Claudius conducted a census in 48 that counted 5,984,072 Roman citizens[25], an increase of around a million since the census conducted at Augustus' death. He had helped increase this number through the foundation of Roman colonies that were granted blanket citizenship. These colonies were often made out of existing communities, especially those with elites who could rally the populace to the Roman cause. Several colonies were placed in new provinces or on the border of the empire in order to secure Roman holdings as quickly as possible.
Judicial and legislative affairs
Claudius personally judged many of the legal cases tried during his reign. Ancient historians have many complaints about this, stating that his judgments were variable and sometimes did not follow the law.[26] He was also easily swayed. Nevertheless, Claudius paid detailed attention to the operation of the judicial system. He extended the summer court session, as well as the winter term, by shortening the traditional breaks. Claudius also made a law requiring plaintiffs to remain in the city while their cases were pending, as defendants had previously been required to do. These measures had the effect of clearing out the docket. The minimum age for jurors was also raised to 25 in order to ensure a more experienced jury pool.[27]

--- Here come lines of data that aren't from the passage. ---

lemma kth_right_distance_le_suminf:
  assumes "0 \<in> S" "kth_right S 0 m = Some x"
  shows "of_nat (nat x) \<le> (\<Sum>n. of_bool (kth_right_beyond S m n) :: ennreal)"
proof -
  have x: "x \<in> S" "card {y\<in>S. 0 < y \<and> y \<le> x} = m"
    using assms(2) by (auto simp: kth_right_eq_Some_iff)
  have "kth_right_beyond S m n" if "n < nat x" for n
    using assms(1) x card_Ioc_filter_less[of "int n" x 0 S] that
    by (simp add: kth_right_beyond_def)
  then have "of_nat (nat x) = (\<Sum>n<nat x. of_bool (kth_right_beyond S m n) :: ennreal)"
    by simp
  also have "\<dots> \<le> (\<Sum>n. of_bool (kth_right_beyond S m n))"
    by (rule sum_le_suminf) auto
  finally show ?thesis .
qed

lemma card_filter_translate:
  "card {y\<in>(\<lambda>y. y + c) ` S. P y} = card {y\<in>S. P (y + (c::int))}"
proof -
  have "{y\<in>(\<lambda>y. y + c) ` S. P y} = (\<lambda>y. y + c) ` {y\<in>S. P (y + c)}"
    by auto
  then show ?thesis
    by (simp add: card_image inj_on_def)
qed

lemma kth_right_beyond_translate_iff:
  "kth_right_beyond ((\<lambda>y. y + int n) ` S) m n \<longleftrightarrow>
     - int n \<in> S \<and> card {y\<in>S. - int n < y \<and> y \<le> 0} < m"
proof -
  have "0 \<in> (\<lambda>y. y + int n) ` S \<longleftrightarrow> - int n \<in> S"
    by (auto intro: rev_image_eqI[of "- int n"] simp: eq_neg_iff_add_eq_0[symmetric])
  moreover have "card {y\<in>(\<lambda>y. y + int n) ` S. 0 < y \<and> y \<le> int n} = card {y\<in>S. - int n < y \<and> y \<le> 0}"
    unfolding card_filter_translate by (rule arg_cong[of _ _ card]) auto
  ultimately show ?thesis
    unfolding kth_right_beyond_def by simp
qed

text \<open>All qualifying \<open>-n\<close> except the leftmost one are level points in
  \<open>(-N, 0]\<close> for the largest such \<open>n = N\<close>, of which there are fewer than \<open>m\<close>.\<close>
lemma card_kth_right_beyond_translates_le:
  assumes "finite A" "\<And>n. n \<in> A \<Longrightarrow> kth_right_beyond ((\<lambda>y. y + int n) ` S) m n"
  shows "card A \<le> m"
proof (cases "A = {}")
  case False
  define N where "N = Max A"
  have N: "N \<in> A" "\<And>n. n \<in> A \<Longrightarrow> n \<le> N"
    using False assms(1) by (auto simp: N_def)
  have beyond: "- int n \<in> S" "card {y\<in>S. - int n < y \<and> y \<le> 0} < m" if "n \<in> A" for n
    using assms(2)[OF that] by (auto simp: kth_right_beyond_translate_iff)
  have "(\<lambda>n. - int n) ` (A - {N}) \<subseteq> {y\<in>S. - int N < y \<and> y \<le> 0}"
  proof (rule image_subsetI)
    fix n
    assume "n \<in> A - {N}"
    then have "n < N" "- int n \<in> S"
      using N(2) beyond(1) by (auto simp: order_less_le)
    then show "- int n \<in> {y\<in>S. - int N < y \<and> y \<le> 0}"
      by simp
  qed
  then have "card ((\<lambda>n. - int n) ` (A - {N})) \<le> card {y\<in>S. - int N < y \<and> y \<le> 0}"
    by (rule card_mono[rotated]) (rule finite_subset[of _ "{- int N..0}"], auto)
  also have "\<dots> < m"
    using beyond(2) N(1) .
  finally have "card (A - {N}) < m"
    by (simp add: card_image inj_on_def)
  then show ?thesis
    using card_Suc_Diff1[OF assms(1) N(1)] by simp
qed simp

lemma suminf_kth_right_beyond_translates_le:
  "(\<Sum>n. of_bool (kth_right_beyond ((\<lambda>y. y + int n) ` S) m n) :: ennreal) \<le> of_nat m"
proof (rule suminf_le_const)
  fix N
  let ?A = "{..<N} \<inter> {n. kth_right_beyond ((\<lambda>y. y + int n) ` S) m n}"
  have "card ?A \<le> m"
    by (rule card_kth_right_beyond_translates_le) auto
  then show "(\<Sum>n<N. of_bool (kth_right_beyond ((\<lambda>y. y + int n) ` S) m n) :: ennreal) \<le> of_nat m"
    by (simp only: sum_of_bool_eq finite_lessThan of_nat_le_iff)
qed simp

lemma level_translate: "level (\<lambda>i. d (i - k)) j = (\<lambda>y. y + k) ` level d j"
proof (rule set_eqI)
  fix i
  show "i \<in> level (\<lambda>i. d (i - k)) j \<longleftrightarrow> i \<in> (\<lambda>y. y + k) ` level d j"
    using image_eqI[of i "\<lambda>y. y + k" "i - k"] by (auto simp: level_def)
qed

lemma level_reflect: "level (\<lambda>i. d (- i)) j = uminus ` level d j"
proof (rule set_eqI)
  fix i
  show "i \<in> level (\<lambda>i. d (- i)) j \<longleftrightarrow> i \<in> uminus ` level d j"
    using image_eqI[of i uminus "- i"] by (auto simp: level_def)
qed

lemma measurable_kth_right_beyond_level [measurable]:
  "Measurable.pred nat_seqs (\<lambda>d. kth_right_beyond (level d j) m n)"
proof -
  have "{y\<in>{i. j \<le> d i}. 0 < y \<and> y \<le> int n} = {1..int n} \<inter> {y. j \<le> d y}" for d
    by auto
  then have eq: "(\<lambda>d. kth_right_beyond (level d j) m n) =
      (\<lambda>d. j \<le> d 0 \<and> (\<Sum>y\<in>{1..int n}. of_bool (j \<le> d y) :: nat) < m)"
    by (simp add: kth_right_beyond_def level_def)
  show ?thesis
    unfolding eq by measurable
qed

text \<open>One summand for each direction the level-\<open>j\<close> stub at 0 may point.\<close>
definition stub_length_bound :: "(int \<Rightarrow> nat) \<Rightarrow> nat \<Rightarrow> ennreal" where
  "stub_length_bound d j =
     (\<Sum>n. of_bool (kth_right_beyond (level d j) (2*j - 1) n)) +
     (\<Sum>n. of_bool (kth_right_beyond (level (\<lambda>i. d (- i)) j) (2*j - 1) n))"

lemma stub_length_le_bound:
  assumes "j \<le> d 0"
  shows "of_nat (stub_length d c j 0) \<le> stub_length_bound d j"
proof (cases "partner d c j 0")
  case (Some x)
  have "0 \<in> level d j" "0 \<in> level (\<lambda>i. d (- i)) j"
    using assms by (auto simp: level_def)
  show ?thesis
  proof (cases "points_right d c j 0")
    case True
    then have right: "kth_right (level d j) 0 (2*j - 1) = Some x"
      using Some by (simp add: partner_def)
    then have "of_nat (stub_length d c j 0) = (of_nat (nat x) :: ennreal)"
      using Some by (simp add: stub_length_def kth_right_eq_Some_iff)
    also have "\<dots> \<le> (\<Sum>n. of_bool (kth_right_beyond (level d j) (2*j - 1) n))"
      by (rule kth_right_distance_le_suminf[OF \<open>0 \<in> level d j\<close> right])
    also have "\<dots> \<le> stub_length_bound d j"
      unfolding stub_length_bound_def by (rule add_increasing2) simp_all
    finally show ?thesis .
  next
    case False
    then have left: "kth_right (level (\<lambda>i. d (- i)) j) 0 (2*j - 1) = Some (- x)"
      using Some by (auto simp: partner_def kth_left_eq_kth_right_uminus level_reflect)
    then have "of_nat (stub_length d c j 0) = (of_nat (nat (- x)) :: ennreal)"
      using Some by (simp add: stub_length_def kth_right_eq_Some_iff)
    also have "\<dots> \<le> (\<Sum>n. of_bool (kth_right_beyond (level (\<lambda>i. d (- i)) j) (2*j - 1) n))"
      by (rule kth_right_distance_le_suminf[OF \<open>0 \<in> level (\<lambda>i. d (- i)) j\<close> left])
    also have "\<dots> \<le> stub_length_bound d j"
      unfolding stub_length_bound_def by (rule add_increasing) simp_all
    finally show ?thesis .
  qed
qed (simp add: stub_length_def)

lemma total_length_origin_le_bound:
  assumes "d 0 \<le> K"
  shows "ennreal (real (total_length_origin d c)) \<le> (\<Sum>j\<in>{1..K}. stub_length_bound d j)"
proof -
  have "ennreal (real (total_length_origin d c)) = of_nat (\<Sum>j\<in>{1..d 0}. stub_length d c j 0)"
    by (simp add: total_length_origin_def ennreal_of_nat_eq_real_of_nat)
  also have "\<dots> = (\<Sum>j\<in>{1..d 0}. of_nat (stub_length d c j 0))"
    by (rule of_nat_sum)
  also have "\<dots> \<le> (\<Sum>j\<in>{1..d 0}. stub_length_bound d j)"
    by (rule sum_mono) (simp add: stub_length_le_bound)
  also have "\<dots> \<le> (\<Sum>j\<in>{1..K}. stub_length_bound d j)"
    by (rule sum_mono2) (use assms in auto)
  finally show ?thesis .
qed

lemma measurable_reflect [measurable]: "(\<lambda>d i. d (- i)) \<in> nat_seqs \<rightarrow>\<^sub>M nat_seqs"
  by (rule measurable_PiM_single') simp_all

lemma measurable_stub_length_bound: "(\<lambda>d. stub_length_bound d j) \<in> borel_measurable nat_seqs"
  unfolding stub_length_bound_def by measurable

lemma measurable_reindexed_seq:
  assumes "\<And>i. D i \<in> M \<rightarrow>\<^sub>M count_space UNIV"
  shows "(\<lambda>\<omega> i. D (f i) \<omega>) \<in> M \<rightarrow>\<^sub>M nat_seqs"
  by (rule measurable_PiM_single') (simp_all add: assms)
lemma dual_term_bound:
  fixes p x t u v :: real
  assumes p: "2 < p" and x: "0 \<le> x" and t: "0 \<le> t" and u: "0 \<le> u"
    and dual: "v powr (p/(p-2)) \<le> t * u powr (2/(p-2))"
  shows "v * x \<le> u * x powr (p/2) + theta p * t"
proof -
  consider "v \<le> 0" | "0 < v" "u = 0" | "0 < v" "0 < u" using u by linarith
  then show ?thesis
  proof cases
    case 1
    then have "v * x \<le> 0" using x by (simp add: mult_nonpos_nonneg)
    moreover have "0 \<le> u * x powr (p/2) + theta p * t" using u t theta_pos[OF p] by simp
    ultimately show ?thesis by linarith
  next
    case 2
    then show ?thesis using dual by simp
  next
    case 3
    have b: "0 < 2/p" "2/p < 1" and e: "2/(p-2) * (1 - 2/p) = 2/p" using p by (auto simp: field_simps)
    have "v * x \<le> u * x powr (1/(2/p)) + (2/p) powr (2/(p-2)) * (1 - 2/p) * (v powr (2/(p-2) + 1) / u powr (2/(p-2)))"
      using weighted_young_bound[OF b e x] 3 by simp
    also have "1/(2/p) = p/2" by simp
    also have "2/(p-2) + 1 = p/(p-2)" using p by (simp add: field_simps)
    also have "(2/p) powr (2/(p-2)) * (1 - 2/p) = theta p" using theta_eq[OF p] by simp
    also have "v powr (p/(p-2)) / u powr (2/(p-2)) \<le> t"
      using dual 3 by (simp add: pos_divide_le_eq)
    finally show ?thesis using theta_pos[OF p] by (simp add: mult_left_mono)
  qed
qed

lemma block_weak_duality:
  fixes v t x :: "'a::finite \<Rightarrow> real"
  assumes p: "2 < p" and x: "\<And>i. 0 \<le> x i" and t: "\<And>i. 0 \<le> t i" and u: "0 \<le> u"
    and dual: "\<And>i. v i powr (p/(p-2)) \<le> t i * u powr (2/(p-2))"
    and ball: "(\<Sum>i\<in>UNIV. \<bar>x i\<bar> powr (p/2)) \<le> 1"
  shows "(\<Sum>i\<in>UNIV. v i * x i) \<le> u + theta p * (\<Sum>i\<in>UNIV. t i)"
proof -
  have "(\<Sum>i\<in>UNIV. v i * x i) \<le> (\<Sum>i\<in>UNIV. u * \<bar>x i\<bar> powr (p/2) + theta p * t i)"
    by (rule sum_mono) (use dual_term_bound[OF p x t u dual] x in simp)
  also have "\<dots> = u * (\<Sum>i\<in>UNIV. \<bar>x i\<bar> powr (p/2)) + theta p * (\<Sum>i\<in>UNIV. t i)"
    by (simp add: sum.distrib sum_distrib_left)
  also have "u * (\<Sum>i\<in>UNIV. \<bar>x i\<bar> powr (p/2)) \<le> u" using ball u by (simp add: mult_left_le)
  finally show ?thesis by simp
qed
(* Let $\mathbf{FdHilb}_{\mathrm{Un}}$ be the category of finite-dimensional Hilbert spaces with unitary maps, $\mathbf{Conv}$ the category of convex sets with affine maps, and $\mathbf{EMod}$ the category of effect modules over $[0,1]$. For $H$ in $\mathbf{FdHilb}_{\mathrm{Un}}$ let $\mathcal{DM}(H)=\{A \ge 0 : \mathrm{tr}(A)=1\}$ be the convex set of density operators and $\mathcal{E}f(H)=\{A : 0\le A\le I\}$ (Löwner order) the effect module of effects. There is a dual adjunction $\mathbf{Conv}(-,[0,1]) \colon \mathbf{Conv}\rightleftarrows \mathbf{EMod}^{\mathrm{op}} \colon \mathbf{EMod}(-,[0,1])$, and there are natural isomorphisms $$\mathrm{hs}_{\mathcal{E}f}\colon \mathcal{E}f(H)\xrightarrow{\ \cong\ } \mathbf{Conv}\big(\mathcal{DM}(H),[0,1]\big),\ A\mapsto \mathrm{tr}(A\,-),\qquad \mathrm{hs}_{\mathcal{DM}}\colon \mathcal{DM}(H)\xrightarrow{\ \cong\ } \mathbf{EMod}\big(\mathcal{E}f(H),[0,1]\big),\ B\mapsto \mathrm{tr}(B\,-),$$ in $\mathbf{EMod}$ and $\mathbf{Conv}$ respectively, which give rise to a map of adjunctions from the self-adjunction $(-)^\dagger \dashv (-)^\dagger$ between $\mathbf{FdHilb}_{\mathrm{Un}}$ and $\mathbf{FdHilb}_{\mathrm{Un}}^{\mathrm{op}}$ to the adjunction $\mathbf{Conv}\rightleftarrows\mathbf{EMod}^{\mathrm{op}}$, with vertical functors $\mathcal{DM}\colon \mathbf{FdHilb}_{\mathrm{Un}}\to\mathbf{Conv}$ (states) and $\mathcal{E}f\colon \mathbf{FdHilb}_{\mathrm{Un}}^{\mathrm{op}}\to\mathbf{EMod}^{\mathrm{op}}$ (statements/effects).
   Context: An effect algebra is a partial commutative monoid $(E,0,\oplus)$, where $\oplus$ is a partial, commutative, associative binary operation with unit $0$ (write $x\perp y$ when $x\oplus y$ is defined), with an orthosupplement $(-)^\perp$ such that $x^\perp$ is the unique element with $x\oplus x^\perp = 1 := 0^\perp$ and $x\perp 1\Rightarrow x=0$. An effect module over $[0,1]$ is an effect algebra with a scalar multiplication by $[0,1]$ that preserves $\oplus$ in each variable and is a monoid action; morphisms preserve $1$, defined sums and scalars. $\mathcal{E}f(H)$ is an effect module with $A\perp B$ iff $A+B\le I$, $A\oplus B = A+B$, $A^\perp = I-A$, and usual scalar multiplication. Convex sets are Eilenberg-Moore algebras of the finitary distribution monad; $\mathcal{DM}(H)$ is convex under ordinary convex combinations of operators. On a unitary $U\colon H\to K$, both functors act by $A\mapsto UAU^\dagger$. The adjunction $\mathbf{Conv}\rightleftarrows\mathbf{EMod}^{\mathrm{op}}$ is given by homming into $[0,1]$: $\mathbf{Conv}(X,[0,1])$ is an effect module with pointwise partial sum (defined when the pointwise sum stays $\le 1$) and pointwise scalar multiplication, $\mathbf{EMod}(Y,[0,1])$ is a convex set with pointwise convex combinations, and the correspondence is by swapping arguments. $\mathrm{tr}$ is the trace of an operator. *)

theory Defs
  imports "HOL-Analysis.Analysis"
begin

text \<open>A finite-dimensional Hilbert space of dimension CARD('n) is modelled as complex^'n;
  operators on it are matrices complex^'n^'n; a unitary H -> K is a matrix complex^'n^'m.\<close>

definition cadj :: "complex^'n^'m \<Rightarrow> complex^'m^'n" where
  "cadj A = (\<chi> i j. cnj (A $ j $ i))"

definition unitary_map :: "complex^'n^'m \<Rightarrow> bool" where
  "unitary_map U \<longleftrightarrow> cadj U ** U = mat 1 \<and> U ** cadj U = mat 1"

definition psd :: "complex^'n^'n \<Rightarrow> bool" where
  "psd A \<longleftrightarrow> (\<forall>v::complex^'n.
      let q = (\<Sum>i\<in>UNIV. cnj (v $ i) * ((A *v v) $ i)) in Im q = 0 \<and> Re q \<ge> 0)"

definition loewner_le :: "complex^'n^'n \<Rightarrow> complex^'n^'n \<Rightarrow> bool" where
  "loewner_le A B \<longleftrightarrow> psd (B - A)"

definition DM :: "(complex^'n^'n) set" where
  "DM = {B. psd B \<and> trace B = 1}"

definition Ef :: "(complex^'n^'n) set" where
  "Ef = {A. loewner_le 0 A \<and> loewner_le A (mat 1)}"

definition ConvHom01 :: "(complex^'n^'n) set \<Rightarrow> (complex^'n^'n \<Rightarrow> real) set" where
  "ConvHom01 X = {f \<in> extensional X. (\<forall>x\<in>X. 0 \<le> f x \<and> f x \<le> 1) \<and>
     (\<forall>x\<in>X. \<forall>y\<in>X. \<forall>r::real. 0 \<le> r \<and> r \<le> 1 \<longrightarrow>
        f (r *\<^sub>R x + (1 - r) *\<^sub>R y) = r * f x + (1 - r) * f y)}"

text \<open>EMod(Ef(H),[0,1]): maps preserving 1, defined sums (A perp B iff A+B <= I) and scalars.\<close>
definition EModHom01 :: "(complex^'n^'n \<Rightarrow> real) set" where
  "EModHom01 = {g \<in> extensional (Ef :: (complex^'n^'n) set).
     (\<forall>A\<in>Ef. 0 \<le> g A \<and> g A \<le> 1) \<and> g (mat 1) = 1 \<and>
     (\<forall>A\<in>Ef. \<forall>B\<in>Ef. loewner_le (A + B) (mat 1) \<longrightarrow> g (A + B) = g A + g B) \<and>
     (\<forall>r::real. \<forall>A\<in>Ef. 0 \<le> r \<and> r \<le> 1 \<longrightarrow> g (r *\<^sub>R A) = r * g A)}"

text \<open>The maps of the theorem (tr(AB) is real for positive A,B; we take its real part).\<close>
definition hs_Ef :: "complex^'n^'n \<Rightarrow> (complex^'n^'n \<Rightarrow> real)" where
  "hs_Ef A = restrict (\<lambda>B. Re (trace (A ** B))) DM"

definition hs_DM :: "complex^'n^'n \<Rightarrow> (complex^'n^'n \<Rightarrow> real)" where
  "hs_DM B = restrict (\<lambda>A. Re (trace (B ** A))) Ef"

end

theory Submission
  imports Defs
begin

text \<open>Both maps are the trace pairing \<open>(A, B) \<mapsto> tr (A B)\<close>, which lies in \<open>[0, 1]\<close> because
  \<open>tr (A B) \<ge> 0\<close> for positive \<open>A\<close> and \<open>B\<close>. An effect or a state is determined by its quadratic
  form, i.e. by its pairings with the pure states \<open>v v\<^sup>* / |v|\<^sup>2\<close>; this gives injectivity.
  For surjectivity of \<open>hs_Ef\<close>, an affine \<open>f\<close> on states extends to an additive, positively
  homogeneous functional on the positive cone. The Hermitian matrices \<open>E\<^sub>i\<^sub>j + E\<^sub>j\<^sub>i\<close> and
  \<open>\<i> (E\<^sub>i\<^sub>j - E\<^sub>j\<^sub>i)\<close> are differences of positive rank-one matrices and span all Hermitian
  matrices over the reals, so this functional is \<open>tr (A -)\<close> for the matrix \<open>A\<close> read off from
  its values on them. An effect-module map is homogeneous, hence determined by its restriction
  to states, which reduces surjectivity of \<open>hs_DM\<close> to that of \<open>hs_Ef\<close>. Naturality and the
  compatibility with unit and counit are cyclicity of the trace.\<close>

section \<open>Sesquilinear forms and positive matrices\<close>

definition cinner :: "complex^'n \<Rightarrow> complex^'n \<Rightarrow> complex" where
  "cinner x y = (\<Sum>i\<in>UNIV. cnj (x$i) * y$i)"

definition sesq :: "complex^'n^'n \<Rightarrow> complex^'n \<Rightarrow> complex^'n \<Rightarrow> complex" where
  "sesq A x y = (\<Sum>i\<in>UNIV. \<Sum>j\<in>UNIV. cnj (x$i) * A$i$j * y$j)"

abbreviation quad_form :: "complex^'n^'n \<Rightarrow> complex^'n \<Rightarrow> complex" where
  "quad_form A v \<equiv> sesq A v v"

definition hermitian :: "complex^'n^'n \<Rightarrow> bool" where
  "hermitian A \<longleftrightarrow> (\<forall>i j. A$j$i = cnj (A$i$j))"

definition outer :: "complex^'n \<Rightarrow> complex^'n^'n" where
  "outer v = (\<chi> p q. v$p * cnj (v$q))"

lemma sesq_cinner: "sesq A x y = cinner x (A *v y)"
  by (simp add: sesq_def cinner_def matrix_vector_mult_def sum_distrib_left mult.assoc)

lemma psd_iff_quad_form: "psd A \<longleftrightarrow> (\<forall>v. Im (quad_form A v) = 0 \<and> Re (quad_form A v) \<ge> 0)"
  unfolding psd_def sesq_cinner cinner_def Let_def by simp

lemma sesq_add_left: "sesq A (x + y) z = sesq A x z + sesq A y z"
  by (simp add: sesq_def distrib_right sum.distrib)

Claudius also settled disputes in the provinces. He freed the island of Rhodes from Roman rule for their good faith and exempted Troy from taxes. Early in his reign, the Greeks and Jews of Alexandria sent him two embassies at once after riots broke out between the two communities. This resulted in the famous "Letter to the Alexandrians," which reaffirmed Jewish rights in the city but also forbade them to move in more families en masse. According to Josephus, he then reaffirmed the rights and freedoms of all the Jews in the empire.[28] An investigator of Claudius' discovered that many old Roman citizens based in the modern city of Trento were not in fact citizens.[29] The emperor issued a declaration that they would be considered to hold citizenship from then on, since to strip them of their status would cause major problems. However, in individual cases, Claudius punished false assumption of citizenship harshly, making it a capital offense. Similarly, any freedmen found to be impersonating equestrians were sold back into slavery.[30]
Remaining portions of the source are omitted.